(Stored data)

# # # # # # #

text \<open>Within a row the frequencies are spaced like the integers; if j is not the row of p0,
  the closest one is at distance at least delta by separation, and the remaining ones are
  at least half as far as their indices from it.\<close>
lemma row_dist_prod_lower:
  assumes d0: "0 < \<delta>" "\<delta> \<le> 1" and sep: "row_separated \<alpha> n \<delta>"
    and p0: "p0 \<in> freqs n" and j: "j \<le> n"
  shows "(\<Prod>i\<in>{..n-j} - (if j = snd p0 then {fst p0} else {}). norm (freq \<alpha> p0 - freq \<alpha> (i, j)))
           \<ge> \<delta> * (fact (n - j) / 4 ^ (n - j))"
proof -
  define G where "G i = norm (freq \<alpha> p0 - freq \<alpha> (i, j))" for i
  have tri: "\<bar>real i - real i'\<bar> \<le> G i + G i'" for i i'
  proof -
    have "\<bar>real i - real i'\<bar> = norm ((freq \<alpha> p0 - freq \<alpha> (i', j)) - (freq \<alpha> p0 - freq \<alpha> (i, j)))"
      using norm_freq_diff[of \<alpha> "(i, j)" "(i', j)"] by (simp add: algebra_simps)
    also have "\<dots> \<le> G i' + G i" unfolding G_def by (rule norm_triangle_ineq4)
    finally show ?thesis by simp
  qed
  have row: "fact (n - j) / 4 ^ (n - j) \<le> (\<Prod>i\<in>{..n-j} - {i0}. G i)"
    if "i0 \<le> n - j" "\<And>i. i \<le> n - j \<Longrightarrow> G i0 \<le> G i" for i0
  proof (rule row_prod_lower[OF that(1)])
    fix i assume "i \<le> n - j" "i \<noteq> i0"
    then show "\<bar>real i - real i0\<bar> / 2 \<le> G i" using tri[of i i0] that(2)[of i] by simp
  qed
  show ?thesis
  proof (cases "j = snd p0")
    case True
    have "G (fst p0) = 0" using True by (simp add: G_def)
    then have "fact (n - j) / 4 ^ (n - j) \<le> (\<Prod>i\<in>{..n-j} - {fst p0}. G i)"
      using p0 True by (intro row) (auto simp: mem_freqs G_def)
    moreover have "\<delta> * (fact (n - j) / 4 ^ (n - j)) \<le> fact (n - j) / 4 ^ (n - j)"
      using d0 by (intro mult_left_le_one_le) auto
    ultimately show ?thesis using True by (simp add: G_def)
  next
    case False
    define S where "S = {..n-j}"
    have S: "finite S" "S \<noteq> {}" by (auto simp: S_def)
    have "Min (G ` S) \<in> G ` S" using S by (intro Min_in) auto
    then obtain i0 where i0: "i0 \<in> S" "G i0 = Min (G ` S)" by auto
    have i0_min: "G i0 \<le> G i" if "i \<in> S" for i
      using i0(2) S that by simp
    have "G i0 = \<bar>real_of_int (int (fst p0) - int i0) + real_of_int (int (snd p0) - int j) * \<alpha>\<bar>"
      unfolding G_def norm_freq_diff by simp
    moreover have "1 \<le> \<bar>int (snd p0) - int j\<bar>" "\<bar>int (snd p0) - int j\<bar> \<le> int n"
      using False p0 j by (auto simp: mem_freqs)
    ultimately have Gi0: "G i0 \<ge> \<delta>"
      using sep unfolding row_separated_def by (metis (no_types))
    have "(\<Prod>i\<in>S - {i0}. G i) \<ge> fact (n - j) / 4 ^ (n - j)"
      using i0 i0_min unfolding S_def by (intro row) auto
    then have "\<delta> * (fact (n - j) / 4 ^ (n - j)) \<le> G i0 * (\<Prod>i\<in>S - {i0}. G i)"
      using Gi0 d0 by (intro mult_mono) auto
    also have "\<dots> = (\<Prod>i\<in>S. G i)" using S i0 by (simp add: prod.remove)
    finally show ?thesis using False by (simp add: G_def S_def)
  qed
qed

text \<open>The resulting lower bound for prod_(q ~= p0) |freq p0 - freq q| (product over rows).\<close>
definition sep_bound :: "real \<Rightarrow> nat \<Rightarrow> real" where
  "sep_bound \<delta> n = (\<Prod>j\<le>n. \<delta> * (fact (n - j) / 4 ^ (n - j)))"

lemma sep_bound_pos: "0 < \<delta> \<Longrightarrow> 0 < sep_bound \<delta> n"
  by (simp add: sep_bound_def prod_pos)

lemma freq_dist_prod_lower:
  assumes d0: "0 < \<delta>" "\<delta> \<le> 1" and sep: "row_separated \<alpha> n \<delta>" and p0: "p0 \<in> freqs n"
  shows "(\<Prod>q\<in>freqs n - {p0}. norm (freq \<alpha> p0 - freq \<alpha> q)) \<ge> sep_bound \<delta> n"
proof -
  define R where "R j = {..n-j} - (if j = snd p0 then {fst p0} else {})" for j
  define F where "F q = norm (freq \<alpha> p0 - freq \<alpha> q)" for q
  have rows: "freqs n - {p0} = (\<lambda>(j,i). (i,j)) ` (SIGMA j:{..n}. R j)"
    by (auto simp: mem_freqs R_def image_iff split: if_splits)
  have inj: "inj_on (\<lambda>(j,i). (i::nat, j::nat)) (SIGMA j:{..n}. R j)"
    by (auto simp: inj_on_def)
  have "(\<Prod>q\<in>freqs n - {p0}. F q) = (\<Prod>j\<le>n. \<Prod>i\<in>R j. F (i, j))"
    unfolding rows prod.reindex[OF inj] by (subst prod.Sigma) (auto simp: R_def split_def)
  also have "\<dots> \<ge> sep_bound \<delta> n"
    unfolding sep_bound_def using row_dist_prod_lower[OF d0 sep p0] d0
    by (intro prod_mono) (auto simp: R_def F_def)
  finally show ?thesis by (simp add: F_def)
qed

# # # # # # #

■ **Exercise details**:
Search the data for "text" and list every line in which it occurs.

■ **Written response**:
text \<open>Within a row the frequencies are spaced like the integers; if j is not the row of p0,
text \<open>The resulting lower bound for prod_(q ~= p0) |freq p0 - freq q| (product over rows).\<close>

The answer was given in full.